Jyoti Basu said his Communist Party of India (Marxist) or CPI(M), which has made a success of multi-party politics, had valuable lessons for the federal coalition, the United Front. The CPI(M) is the second-largest group in the United Front.
Basu heads an alliance of nine left-wing parties called the Left Front that has held unbroken power in the state of West Bengal for 20 years.
“We do have importance now among our friends. They know we act with sincerity, they know that in 20 years we have won five elections. So there is something to learn from this … for others who are trying to combine now. Because one-party rule is almost finished,” Basu told Reuters in an interview late on Saturday.

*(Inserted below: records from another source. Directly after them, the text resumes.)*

(* Let $T$ be large, let $P \le \sqrt{T}$ be large, and let $1/\log T < \epsilon < 1/10$. Then uniformly for all $\frac{1}{2} - \frac{1}{\log T} \le \sigma \le \frac{1}{2} + \frac{1}{\log T}$, $$ \int_{T}^{2T} \Big|\sum_{n \le \sqrt{t/2\pi}} \frac{1}{n^{\sigma + it}} - \sum_{\substack{m \le T^{\epsilon}, \\ m \text{ is } P\text{-smooth}}} \frac{1}{m^{1/2+it}} \sum_{\substack{n \le T^{1/2 - 2\epsilon}, \\ n \text{ is } P\text{-rough}}} \frac{1}{n^{\sigma+it}} \Big|^2 dt \ll T \log T \big( e^{-\epsilon (\log T)/\log P} + \epsilon \big) . $$
   Context: A positive integer is $P$-smooth if all its prime factors are $\le P$, and $P$-rough if all its prime factors are $> P$ (so $1$ is both). *)

theory Defs
  imports "HOL-Analysis.Analysis" "HOL-Computational_Algebra.Primes"
begin

definition smooth :: "real \<Rightarrow> nat \<Rightarrow> bool" where
  "smooth P n \<longleftrightarrow> n > 0 \<and> (\<forall>p\<in>prime_factors n. real p \<le> P)"

definition rough :: "real \<Rightarrow> nat \<Rightarrow> bool" where
  "rough P n \<longleftrightarrow> n > 0 \<and> (\<forall>p\<in>prime_factors n. real p > P)"

end

theory Submission
  imports Defs "HOL-Analysis.Harmonic_Numbers"
begin

text \<open>
  Put K = floor (sqrt (T / pi)). For t in [T, 2T] the integrand is
  |sum_{k <= K} beta_k(t) k^(-it)|^2, where beta_k(t) = [2 pi k^2 <= t] k^(-sigma) - c_k
  (\<open>jump k t\<close> below) and c_k = m^(-1/2) n^(-sigma) if k = mn with m <= T^eps P-smooth and
  n <= T^(1/2 - 2 eps) P-rough, such a factorisation being unique, and c_k = 0 otherwise.
  Each beta_k is a step function with a single jump, so expanding the square and integrating
  term by term gives T sum_k max |beta_k|^2 + O(K^2), and K^2 << T <= eps T log T.

  If k = mn as above, then |beta_k| <= n^(-sigma) |m^(-sigma) - m^(-1/2)| << eps k^(-1/2),
  because |sigma - 1/2| log m <= eps. Otherwise beta_k^2 << 1/k, and either
  k > T^(1/2 - 2 eps), and these k contribute O(eps log T), or the P-smooth part s(k) of k
  exceeds T^eps. By Rankin's trick with delta = 1/log P the latter contribute at most
  T^(-eps delta) sum_{k <= K} s(k)^delta / k
    <= exp (- eps log T / log P) prod_{p <= P} (1 + (p^delta - 1) / (p - p^delta)) log T,
  and the product is exp (O (sum_{p <= P} log p / (p log P))) = O(1) by Chebyshev's bound
  sum_{p <= x} log p / p <= 2 log x.
\<close>

subsection \<open>A mean value theorem for Dirichlet polynomials with jumping coefficients\<close>

definition jump_coeff :: "real \<Rightarrow> real \<Rightarrow> real \<Rightarrow> real \<Rightarrow> real" where
  "jump_coeff x y a t = x + (if a \<le> t then y else 0)"

lemma abs_integral_cos_mult_le:
  fixes c d w :: real
  assumes "w \<noteq> 0"
  shows "\<bar>integral {c..d} (\<lambda>t. cos (w * t))\<bar> \<le> 2 / \<bar>w\<bar>"
proof (cases "c \<le> d")
  case True
  have "((\<lambda>t. cos (w * t)) has_integral ((\<lambda>t. sin (w * t) / w) d - (\<lambda>t. sin (w * t) / w) c)) {c..d}"
    by (rule fundamental_theorem_of_calculus[OF True])
      (use assms in \<open>auto intro!: derivative_eq_intros
        simp: has_real_derivative_iff_has_vector_derivative[symmetric]\<close>)
  then have "integral {c..d} (\<lambda>t. cos (w * t)) = (sin (w * d) - sin (w * c)) / w"
    by (simp add: integral_unique diff_divide_distrib)
  moreover have "\<bar>sin (w * d) - sin (w * c)\<bar> \<le> 2"
    using abs_sin_le_one[of "w * d"] abs_sin_le_one[of "w * c"] by linarith
  ultimately show ?thesis
    by (simp add: abs_divide divide_right_mono)
qed simp

lemma cos_mult_from_integrable:
  fixes a c d w :: real
  shows "(\<lambda>t. if a \<le> t then cos (w * t) else 0) integrable_on {c..d}"
proof -
  have eq: "{a..} \<inter> {c..d} = {max a c..d}" by auto
  have "(\<lambda>t. if t \<in> {a..} then cos (w * t) else 0) integrable_on {c..d}"
    unfolding integrable_restrict_Int eq by (intro integrable_continuous_interval continuous_intros)
  then show ?thesis by simp
qed

lemma abs_integral_cos_mult_from_le:
  fixes a c d w :: real
  assumes "w \<noteq> 0"
  shows "\<bar>integral {c..d} (\<lambda>t. if a \<le> t then cos (w * t) else 0)\<bar> \<le> 2 / \<bar>w\<bar>"
proof -
  have "{a..} \<inter> {c..d} = {max a c..d}" by auto
  then have "integral {c..d} (\<lambda>t. if t \<in> {a..} then cos (w * t) else 0)
      = integral {max a c..d} (\<lambda>t. cos (w * t))"
    by (simp only: integral_restrict_Int)
  then show ?thesis
    using abs_integral_cos_mult_le[OF assms, of "max a c" d] by simp
qed

lemma jump_coeff_product_cos:
  fixes x1 y1 a1 x2 y2 a2 w c d :: real
  defines "h \<equiv> \<lambda>t. jump_coeff x1 y1 a1 t * jump_coeff x2 y2 a2 t * cos (w * t)"
  shows jump_coeff_product_cos_integrable: "h integrable_on {c..d}"
    and abs_integral_jump_coeff_product_cos_le:
      "w \<noteq> 0 \<Longrightarrow> \<bar>integral {c..d} h\<bar> \<le> 2 * (\<bar>x1\<bar> + \<bar>y1\<bar>) * (\<bar>x2\<bar> + \<bar>y2\<bar>) / \<bar>w\<bar>"
proof -
  define f where "f = (\<lambda>a t. if a \<le> t then cos (w * t) else (0::real))"
  have h_eq: "h = (\<lambda>t. x1 * x2 * cos (w * t) + x1 * y2 * f a2 t + y1 * x2 * f a1 t
                      + y1 * y2 * f (max a1 a2) t)"
    by (auto simp: h_def f_def jump_coeff_def fun_eq_iff algebra_simps)
  have f_int: "f a integrable_on {c..d}" for a
    unfolding f_def by (rule cos_mult_from_integrable)
  have cos_int: "(\<lambda>t. cos (w * t)) integrable_on {c..d}"
    by (intro integrable_continuous_interval continuous_intros)
  have int1: "(\<lambda>t. C * cos (w * t)) integrable_on {c..d}" for C
    using integrable_on_cmult_left[OF cos_int] by simp
  have int2: "(\<lambda>t. C * f a t) integrable_on {c..d}" for C a
    using integrable_on_cmult_left[OF f_int] by simp
  show "h integrable_on {c..d}"
    unfolding h_eq by (intro integrable_add int1 int2)
  assume w: "w \<noteq> 0"
  have f_le: "\<bar>integral {c..d} (f a)\<bar> \<le> 2 / \<bar>w\<bar>" for a
    unfolding f_def by (rule abs_integral_cos_mult_from_le[OF w])
  have scaled: "\<bar>C * z\<bar> \<le> \<bar>C\<bar> * (2 / \<bar>w\<bar>)" if "\<bar>z\<bar> \<le> 2 / \<bar>w\<bar>" for C z :: real
    using mult_left_mono[OF that, of "\<bar>C\<bar>"] by (simp add: abs_mult)
  have "integral {c..d} h = x1 * x2 * integral {c..d} (\<lambda>t. cos (w * t)) + x1 * y2 * integral {c..d} (f a2)
      + y1 * x2 * integral {c..d} (f a1) + y1 * y2 * integral {c..d} (f (max a1 a2))"
    unfolding h_eq by (simp add: integral_add integrable_add int1 int2 cos_int f_int)
  also have "\<bar>\<dots>\<bar> \<le> \<bar>x1 * x2\<bar> * (2 / \<bar>w\<bar>) + \<bar>x1 * y2\<bar> * (2 / \<bar>w\<bar>) + \<bar>y1 * x2\<bar> * (2 / \<bar>w\<bar>)
      + \<bar>y1 * y2\<bar> * (2 / \<bar>w\<bar>)"
    by (intro order.trans[OF abs_triangle_ineq] add_mono scaled f_le abs_integral_cos_mult_le w)
  also have "\<dots> = 2 * (\<bar>x1\<bar> + \<bar>y1\<bar>) * (\<bar>x2\<bar> + \<bar>y2\<bar>) / \<bar>w\<bar>"
    by (simp add: abs_mult add_divide_distrib algebra_simps)
  finally show "\<bar>integral {c..d} h\<bar> \<le> 2 * (\<bar>x1\<bar> + \<bar>y1\<bar>) * (\<bar>x2\<bar> + \<bar>y2\<bar>) / \<bar>w\<bar>" .
qed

Basu himself was asked to become India’s prime minister by the United Front, but his party vetoed the idea and chose instead to be a coalition partner while not holding any federal posts.
Basu said the four communist parties in the United Front sometimes had sharp differences with their partners.
“On some objectives, some policies, we radically differ with some of the other parties in the United Front. Although we differ on many things we do have a Minimum Common Programme.”
When the current centre-left government took power in New Delhi a year ago, it adopted an economic programme that pledged restrained liberalisation and vowed to protect the role of the state In crucial sectors.
It welcomed foreign investment in infrastructure like power and telecommunications but said it would use fiscal and other policies to discourage its entry into other “low priority” areas.
“Even then there are difficulties, for instance the question of a rise in petroleum product prices … But we are trying to work out something unitedly,” Basu said.
The federal coalition, faced with a 155-billion-rupee ($4.3 billion) oil pool account deficit which represents the amount owed by the government to state-owned oil firms, is due to debate the issue of price rises for the third time on Monday.
Basu acknowledged that the main reason for the creation of the United Front government was to keep the right wing Hindu Bharatiya Janata Party (BJP) at bay.
The BJP is the single largest party in parliament’s lower house. Together with its allies it controls 194 seats in the 542-seat Lok Sabha, and opinion polls suggest it stands to gain the most if a mid-term election were held.
Asked If the BJP, which held federal power for a brief 12 days last year before resigning to pave the way for the United Front government, can be thwarted indefinitely, Basu said:
“Indefinitely, nobody can say. But another reason for this government was that nobody wanted another election … But whether it (the United Front government) will go on for five years I cannot say. It is anybody’s guess.”
India’s parliament is currently splintered among 29 parties and several independent MPs. The Congress party, which ruled the country for most of the 50 years since independence from Britain in 1947, grudgingly supports the United Front.